“Standard Operating Procedure” film screening Nov. 3

Professor Safia Swimelar’s POL389 class on International Human Rights is in their second month of their film screenings for their Human Rights Film Festival. 

The fourth of their film series is “Standard Operating Procedure” and will be shown in KOBC 101 (Digital Theater) Monday Nov. 3 at 7:00 p.m. This is a great opportunity to get cultural event credit while learning about human rights.

To get a glimpse of the movie, click on the link to the right.

Or read the synopsis below:

Is it possible for a photograph to change the world? Photographs taken by soldiers in Abu Ghraib prison changed the war in Iraq and changed America’s image of itself. Yet, a central mystery remains. Did the notorious Abu Ghraib photographs constitute evidence of systematic abuse by the American military, or were they documenting the aberrant behavior of a few “bad apples”?

We set out to examine the context of these photographs. Why were they taken? What was happening outside the frame? We talked directly to the soldiers who took the photographs and who were in the photographs. Who are these people? What were they thinking?
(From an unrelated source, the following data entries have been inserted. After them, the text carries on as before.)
(* Let $\alpha_1,\alpha_2,\alpha_3,\beta_1,\beta_2,\beta_3,\beta_4,\gamma_1,\gamma_2,\gamma_3,\gamma_4$ be positive real constants, and set $A_1=\alpha_1+\alpha_2+\alpha_3$, $A_2=\beta_1-\beta_4$, $A_3=\gamma_1-\gamma_4$. Consider the system, on the simplex $\{(x_0,x_1,x_2): x_i\ge 0,\ x_0+x_1+x_2=1\}$, $$\frac{dx_0}{dt}=\alpha_1x_0+\beta_2x_1+\gamma_2x_2-x_0(A_1x_0+A_2x_1+A_3x_2),$$ $$\frac{dx_1}{dt}=\alpha_2x_0+(\beta_1-\beta_2-\beta_3-\beta_4)x_1+\gamma_3x_2-x_1(A_1x_0+A_2x_1+A_3x_2),$$ $$\frac{dx_2}{dt}=\alpha_3x_0+\beta_3x_1+(\gamma_1-\gamma_2-\gamma_3-\gamma_4)x_2-x_2(A_1x_0+A_2x_1+A_3x_2).$$ Then this system has a unique fixed point with all coordinates positive, and this fixed point is stable.
   Context: This is the "reversible model" for the proportions $x_0,x_1,x_2$ of three cancer cell phenotypes CSC$_0$, NSCC$_1$, NSCC$_2$, obtained by normalizing the linear system $dX/dt=QX$ for cell numbers $X=(X_0,X_1,X_2)$, $x_i=X_i/(X_0+X_1+X_2)$, where $$Q=\begin{pmatrix}\alpha_1&\beta_2&\gamma_2\\ \alpha_2&\beta_1-\beta_2-\beta_3-\beta_4&\gamma_3\\ \alpha_3&\beta_3&\gamma_1-\gamma_2-\gamma_3-\gamma_4\end{pmatrix}.$$ Parameters: $\alpha_1$ CSC symmetric division, $\alpha_2,\alpha_3$ asymmetric CSC division into NSCC$_1$, NSCC$_2$; $\beta_1,\gamma_1$ NSCC divisions; $\beta_2,\gamma_2$ de-differentiation to CSC; $\beta_3,\gamma_3$ interconversion between NSCC$_1$ and NSCC$_2$; $\beta_4,\gamma_4$ death rates. *)

theory Defs
  imports "HOL-Analysis.Analysis"
begin
lemma feature_map_l2:
  assumes "\<And>n. b n \<ge> 0" "summable b" "x \<in> unit_ball d"
  shows "feature_map d b x \<in> l2"
proof -
  have "(\<lambda>i. feature_map d b x i * diag_op (\<lambda>i. 1) (feature_map d b x) i)
          sums (\<Sum>n. 1 * b n * dotp d x x ^ n)"
    using assms by (intro feature_map_kernel_sums sum_abs_mult_le_1_if_unit_ball) auto
  then show ?thesis
    by (auto simp: l2_def diag_op_def power2_eq_square dest: sums_summable)
qed

lemma l2_inner_feature_map:
  assumes "\<And>n. b n \<ge> 0" "summable b" "\<And>n. \<bar>\<sigma> n\<bar> \<le> 1"
    and "x \<in> unit_ball d" "w \<in> unit_ball d"
  shows "l2_inner (feature_map d b x) (diag_op (\<lambda>i. \<sigma> (fst (monomial_index i))) (feature_map d b w))
           = (\<Sum>n. \<sigma> n * b n * dotp d x w ^ n)"
proof -
  have "(\<lambda>i. feature_map d b x i * diag_op (\<lambda>i. \<sigma> (fst (monomial_index i))) (feature_map d b w) i)
          sums (\<Sum>n. \<sigma> n * b n * dotp d x w ^ n)"
    using assms by (intro feature_map_kernel_sums sum_abs_mult_le_1_if_unit_ball)
  then show ?thesis
    unfolding l2_inner_def by (simp add: sums_iff)
qed

lemma diag_op_l2:
  assumes "\<And>i. \<bar>c i\<bar> = 1" "u \<in> l2"
  shows "diag_op c u \<in> l2"
proof -
  have "(c i)\<^sup>2 = 1" for i
    using assms(1)[of i] by (metis power2_abs power_one)
  with assms(2) show ?thesis
    by (simp add: l2_def diag_op_def power_mult_distrib)
qed

lemma l2_linear_op_diag_op:
  assumes "\<And>i. \<bar>c i\<bar> = 1"
  shows "l2_linear_op (diag_op c)"
  unfolding l2_linear_op_def
proof (intro conjI ballI allI)
  show "diag_op c u \<in> l2" if "u \<in> l2" for u
    using assms that by (rule diag_op_l2)
qed (simp_all add: diag_op_def distrib_left mult.left_commute)

lemma l2_adjoint_diag_op:
  assumes "\<And>i. \<bar>c i\<bar> = 1"
  shows "l2_adjoint (diag_op c) (diag_op c)"
  unfolding l2_adjoint_def
proof (intro conjI ballI)
  show "diag_op c u \<in> l2" if "u \<in> l2" for u
    using assms that by (rule diag_op_l2)
qed (simp add: l2_inner_def diag_op_def mult_ac)

lemma diag_op_involution:
  assumes "\<And>i. \<bar>c i\<bar> = 1"
  shows "diag_op c (diag_op c u) = u"
proof
  fix i
  have "c i * c i = 1"
    using assms[of i] by (metis abs_mult_self_eq mult_1)
  then show "diag_op c (diag_op c u) i = u i"
    by (simp add: diag_op_def mult.assoc[symmetric])
qed

lemma l2_inner_diag_op_unit_vector:
  "l2_inner (\<lambda>i. if i = j then 1 else 0) (diag_op c (\<lambda>i. if i = j then 1 else 0)) = c j"
proof -
  have "(\<lambda>i. (if i = j then 1 else 0) * diag_op c (\<lambda>i. if i = j then 1 else 0) i)
      = (\<lambda>i. if i = j then c j else 0)"
    by (auto simp: diag_op_def)
  then show ?thesis
    using sums_single[of j "\<lambda>_. c j"] by (simp add: l2_inner_def sums_iff)
qed

lemma unit_vector_l2: "(\<lambda>i. if i = j then 1 else 0 :: real) \<in> l2"
proof -
  have "(\<lambda>i. (if i = j then 1 else 0 :: real)\<^sup>2) = (\<lambda>i. if i = j then 1 else 0)"
    by auto
  then show ?thesis
    using sums_summable[OF sums_single[of j "\<lambda>_. 1 :: real"]] by (simp add: l2_def)
qed

lemma l2_indefinite_diag_op:
  assumes "c i > 0" "c j < 0"
  shows "l2_indefinite (diag_op c)"
  unfolding l2_indefinite_def
  using assms unit_vector_l2 l2_inner_diag_op_unit_vector by metis

theorem lemma1:
  fixes d :: nat
  assumes "d \<ge> 1"
  shows "(\<exists>\<phi>. (\<forall>x\<in>unit_ball d. \<phi> x \<in> l2) \<and>
            (\<forall>x\<in>unit_ball d. \<forall>w\<in>unit_ball d.
               arcsin (dotp d x w) = l2_inner (\<phi> x) (\<phi> w)))
       \<and> (\<exists>\<phi>' M Mt. (\<forall>x\<in>unit_ball d. \<phi>' x \<in> l2) \<and>
            l2_linear_op M \<and> l2_indefinite M \<and>
            l2_adjoint Mt M \<and> (\<forall>u\<in>l2. Mt (M u) = u) \<and>
            (\<forall>w\<in>unit_ball d. \<forall>x\<in>unit_ball d.
               arsinh (dotp d w (Hmat x)) = l2_inner (\<phi>' w) (M (\<phi>' (Hmat x)))))"
proof -
  let ?\<phi> = "feature_map d arcsin_coeff"
  let ?c = "\<lambda>i. (-1) ^ (fst (monomial_index i) div 2) :: real"
  let ?M = "diag_op ?c"
  have l2: "?\<phi> x \<in> l2" if "x \<in> unit_ball d" for x
    using arcsin_coeff_nonneg summable_arcsin_coeff that by (rule feature_map_l2)
  have arcsin: "arcsin (dotp d x w) = l2_inner (?\<phi> x) (?\<phi> w)"
    if "x \<in> unit_ball d" "w \<in> unit_ball d" for x w
    using l2_inner_feature_map[of arcsin_coeff "\<lambda>_. 1", OF arcsin_coeff_nonneg summable_arcsin_coeff _ that]
      arcsin_eq_arcsin_series[OF abs_dotp_le_1_if_unit_ball[OF that]]
    by (simp add: arcsin_series_def diag_op_def)
  have arsinh: "arsinh (dotp d w (Hmat x)) = l2_inner (?\<phi> w) (?M (?\<phi> (Hmat x)))"
    if "w \<in> unit_ball d" "x \<in> unit_ball d" for w x
    using l2_inner_feature_map[of arcsin_coeff "\<lambda>n. (-1) ^ (n div 2)",
        OF arcsin_coeff_nonneg summable_arcsin_coeff _ that(1) Hmat_unit_ball[OF that(2)]]
      arsinh_eq_arcsin_series[OF abs_dotp_le_1_if_unit_ball[OF that(1) Hmat_unit_ball[OF that(2)]]]
    by (simp add: arcsin_series_def)
  have c: "\<bar>?c i\<bar> = 1" for i
    by simp
  obtain i j where "monomial_index i = (0, [])" "monomial_index j = (2, [])"
    using bij_monomial_index by (metis bij_pointE)
  then have "l2_indefinite ?M"
    by (intro l2_indefinite_diag_op[of ?c i j]) simp_all
  with l2 arcsin arsinh c show ?thesis
    by (intro conjI exI[of _ ?\<phi>] exI[of _ ?M])
      (auto intro: l2_linear_op_diag_op l2_adjoint_diag_op diag_op_involution)
qed

end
Over two years of investigation, we amassed a million and a half words of interview transcript, thousands of pages of unredacted reports, and hundreds of photographs. The story of Abu Ghraib is still shrouded in moral ambiguity, but it is clear what happened there. The Abu Ghraib photographs serve as both an expose and a coverup. An expose, because the photographs offer us a glimpse of the horror of Abu Ghraib; and a coverup because they convinced journalists and readers they had seen everything, that there was no need to look further. The underlying question that we still have not resolved, four years after the scandal: how could American values become so compromised that Abu Ghraib—and the subsequent coverup—could happen? –From the director

If you have any questions at all, please contact Katie Meyer (kmeyer3@elon.edu) for more information!

Swimelar’s International Human Rights course (POLS 389) has organized this human rights film series in order to spread awareness at Elon of diverse and global human rights issues and to examine the role of images and film in our understanding of human rights. As part of their course requirements and for educational purposes only, students will briefly present on different aspects of the film and will lead a discussion with the audience.